Food – Leading up to the trip, I obsessively read two blogs by expats living in Berlin – überlin and Berlin Food Stories. If you’re planning a trip to this crazy city, I highly recommend checking these sites out.
We ate at Pantry, Chicago Williams BBQ, Maria Bonita, Curry 36 (rumored to be the best curry wurst in Berlin), and The Bird. All of them were excellent! While S and I agree that the crown jewel of our culinary experience was The Bird, Chicago Williams BBQ came in a very close, almost photo-finish, second. The restaurant partners with some German breweries to make a few beers that are only sold at the restaurant, including a dark beer that tastes like a chocolatey stout (we never see this down in Mainz!), a pale ale, and an IPA. For dinner, I unashamedly ordered the Porn Rib Sandwich. It was a beautiful thing. Rye bread sandwiching ribs pulled off the bone and covered in cole slaw and cheese and I think something else, but I stopped listening after they said those things. I didn’t share it. We capped off the meal with a Moscow Mule slushie. And a shot of tequila on the house. Maybe my favorite part about this place is that they use a massive hatchet to open their beers.
Lodging – We stayed just south of Potsdamer Platz. It worked out, but I’d recommend staying somewhere in the Mitte or Prenzlauer Berg as that’s where we spent most of our time.

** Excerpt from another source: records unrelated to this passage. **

text \<open>Encoding of ordered forests on n vertices (up to isomorphism), with vertices
identified with their preorder labels 1..n.  A forest is encoded by its parent
function P :: nat => nat, where P v = 0 means that v is a root, and P v = 0 for
every v outside 1..n.  Children of a vertex (and the roots) are ordered left to
right by increasing label.  The encoding P of an ordered forest is valid iff
every parent has a smaller label and the labelling is the preorder one, i.e. the
parent of v+1 is v itself, an ancestor of v, or 0 (v+1 is a root).\<close>

definition ford :: "nat \<Rightarrow> (nat \<Rightarrow> nat) set" where
  "ford n = {P. (\<forall>v. v \<notin> {1..n} \<longrightarrow> P v = 0)
              \<and> (\<forall>v\<in>{1..n}. P v < v)
              \<and> (\<forall>v. 1 \<le> v \<and> v < n \<longrightarrow> (\<exists>j. (P ^^ j) v = P (Suc v)))}"

text \<open>Operating on vertex v: the rightmost (largest label) child v' of v gets the
parent of v (0 if v is a root); it is then the sibling immediately right of v.\<close>

definition children :: "nat \<Rightarrow> (nat \<Rightarrow> nat) \<Rightarrow> nat \<Rightarrow> nat set" where
  "children n P v = {u\<in>{1..n}. P u = v}"

definition operate :: "nat \<Rightarrow> nat \<Rightarrow> (nat \<Rightarrow> nat) \<Rightarrow> (nat \<Rightarrow> nat)" where
  "operate n v P = (if v \<notin> {1..n} \<or> children n P v = {} then P
                    else P(Max (children n P v) := P v))"

definition ungar_apply :: "nat \<Rightarrow> nat set \<Rightarrow> (nat \<Rightarrow> nat) \<Rightarrow> (nat \<Rightarrow> nat)" where
  "ungar_apply n S P = fold (operate n) (sorted_list_of_set S) P"

definition ungar_prob :: "nat \<Rightarrow> real \<Rightarrow> (nat \<Rightarrow> nat) \<Rightarrow> ((nat \<Rightarrow> nat) \<Rightarrow> bool) \<Rightarrow> real" where
  "ungar_prob n p F Q =
     (\<Sum>S\<in>Pow {1..n}. p ^ card S * (1 - p) ^ (n - card S) *
                      (if Q (ungar_apply n S F) then 1 else 0))"

text \<open>Sibling/root order is inherited, i.e. again by label.\<close>

definition induced :: "(nat \<Rightarrow> nat) \<Rightarrow> nat set \<Rightarrow> (nat \<Rightarrow> nat)" where
  "induced P V = (\<lambda>v. if v \<in> V \<and> P v \<in> V then P v else 0)"

definition of_iso :: "nat set \<Rightarrow> (nat \<Rightarrow> nat) \<Rightarrow> nat set \<Rightarrow> (nat \<Rightarrow> nat) \<Rightarrow> (nat \<Rightarrow> nat) \<Rightarrow> bool" where
  "of_iso V par W par' \<phi> \<longleftrightarrow>
     bij_betw \<phi> V W \<and>
     (\<forall>v\<in>V. par' (\<phi> v) = (if par v = 0 then 0 else \<phi> (par v))) \<and>
     (\<forall>u\<in>V. \<forall>v\<in>V. par u = par v \<and> u < v \<longrightarrow> \<phi> u < \<phi> v)"

definition hat1 :: "nat \<Rightarrow> (nat \<Rightarrow> nat)" where
  "hat1 n = (\<lambda>v. if v \<in> {2..n} then v - 1 else 0)"

primrec run :: "nat \<Rightarrow> (nat \<Rightarrow> nat set) \<Rightarrow> nat \<Rightarrow> (nat \<Rightarrow> nat)" where
  "run n S 0 = hat1 n"
| "run n S (Suc t) = ungar_apply n (S (Suc t)) (run n S t)"

definition hit :: "(nat \<Rightarrow> nat set) \<Rightarrow> nat \<Rightarrow> nat" where
  "hit S i = (LEAST t. 1 \<le> t \<and> i \<in> S t)"

end

theory Submission
  imports Defs
begin

(* (a) In preorder the parent of v + 1 is v or an ancestor of v. Hence, walking down the labels
   from a descendant u of a to a, one never leaves the subtree of a: the subtree is an interval.
   (b) Relabelled by x \<mapsto> x - (m - 1), the induced subforest on [m, n] is again a
   preorder-labelled forest, and isomorphic preorder-labelled forests are equal, since an
   isomorphism of ordered forests preserves the preorder. Operating on a vertex below m does not
   change this subforest, and operating on a vertex v \<ge> m acts on it as operating on
   v - (m - 1) acts on G. So the event depends only on the selected vertices in [m, n], and
   summing out the others leaves the distribution of a random move on G.
   (c) Along a run from hat 1, every vertex strictly between a vertex and its parent has been
   operated on, and a vertex never operated on has a parent never operated on. In step h_l, just
   before l is operated on, all of k + 1, ..., l - 1 but neither k nor l have been operated on;
   this forces the parent of l to be k, and the rest of the step leaves it alone because k is
   not selected. *)

section \<open>Ancestors in preorder-labelled forests\<close>

definition parent_fun :: "nat \<Rightarrow> (nat \<Rightarrow> nat) \<Rightarrow> bool" where
  "parent_fun N P \<longleftrightarrow> (\<forall>v. v \<notin> {1..N} \<longrightarrow> P v = 0) \<and> (\<forall>v\<in>{1..N}. P v < v)"

text \<open>\<open>desc P u a\<close>: a is u or an ancestor of u; the label 0 acts as a common root of all trees.\<close>

definition desc :: "(nat \<Rightarrow> nat) \<Rightarrow> nat \<Rightarrow> nat \<Rightarrow> bool" where
  "desc P u a \<longleftrightarrow> (\<exists>j. (P ^^ j) u = a)"

definition preorder_parents :: "nat \<Rightarrow> (nat \<Rightarrow> nat) \<Rightarrow> bool" where
  "preorder_parents N P \<longleftrightarrow> (\<forall>v\<in>{1..N}. \<forall>u. P v < u \<and> u < v \<longrightarrow> desc P u (P v))"

lemma parent_fun_less: "parent_fun N P \<Longrightarrow> v \<in> {1..N} \<Longrightarrow> P v < v"
  unfolding parent_fun_def by blast

lemma parent_fun_outside: "parent_fun N P \<Longrightarrow> v \<notin> {1..N} \<Longrightarrow> P v = 0"
  unfolding parent_fun_def by blast

lemma parent_fun_le_pred: "parent_fun N P \<Longrightarrow> P v \<le> v - 1"
  unfolding parent_fun_def by (cases "v \<in> {1..N}") fastforce+

lemma parent_fun_le: "parent_fun N P \<Longrightarrow> P v \<le> v"
  using parent_fun_le_pred[of N P v] by simp

lemma parent_fun_funpow_le: "parent_fun N P \<Longrightarrow> (P ^^ j) u \<le> u - j"
proof (induction j)
  case (Suc j)
  then show ?case using parent_fun_le_pred[OF Suc.prems, of "(P ^^ j) u"] by simp
qed simp

lemma desc_refl [simp]: "desc P u u"
  unfolding desc_def by (rule exI[of _ 0]) simp

lemma desc_parent [simp]: "desc P u (P u)"
  unfolding desc_def by (rule exI[of _ 1]) simp

lemma desc_parentI: "desc P (P u) a \<Longrightarrow> desc P u a"
  unfolding desc_def by (metis funpow_Suc_right o_apply)

lemma desc_trans: "desc P u a \<Longrightarrow> desc P a b \<Longrightarrow> desc P u b"
  unfolding desc_def by (metis funpow_add o_apply)

lemma desc_cases: "desc P u a \<Longrightarrow> u = a \<or> desc P (P u) a"
  unfolding desc_def by (metis funpow_0 funpow_Suc_right o_apply old.nat.exhaust)

lemma desc_le: "parent_fun N P \<Longrightarrow> desc P u a \<Longrightarrow> a \<le> u"
  unfolding desc_def using parent_fun_funpow_le by (metis diff_le_self le_trans)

Museums – The Pergamon is a top attraction for tourists in Berlin and, as such, it draws a pretty nasty line. If you buy tickets online in advance, you can bypass the crowd. They’ll hate you (we didn’t book in advance and hated everyone who bypassed the line), but you’ll probably be in and out before they even get close to the entrance. Plus, seeing the Pergamon Altar and the Gates of Babylon is totally worth getting the evil eye from the queue.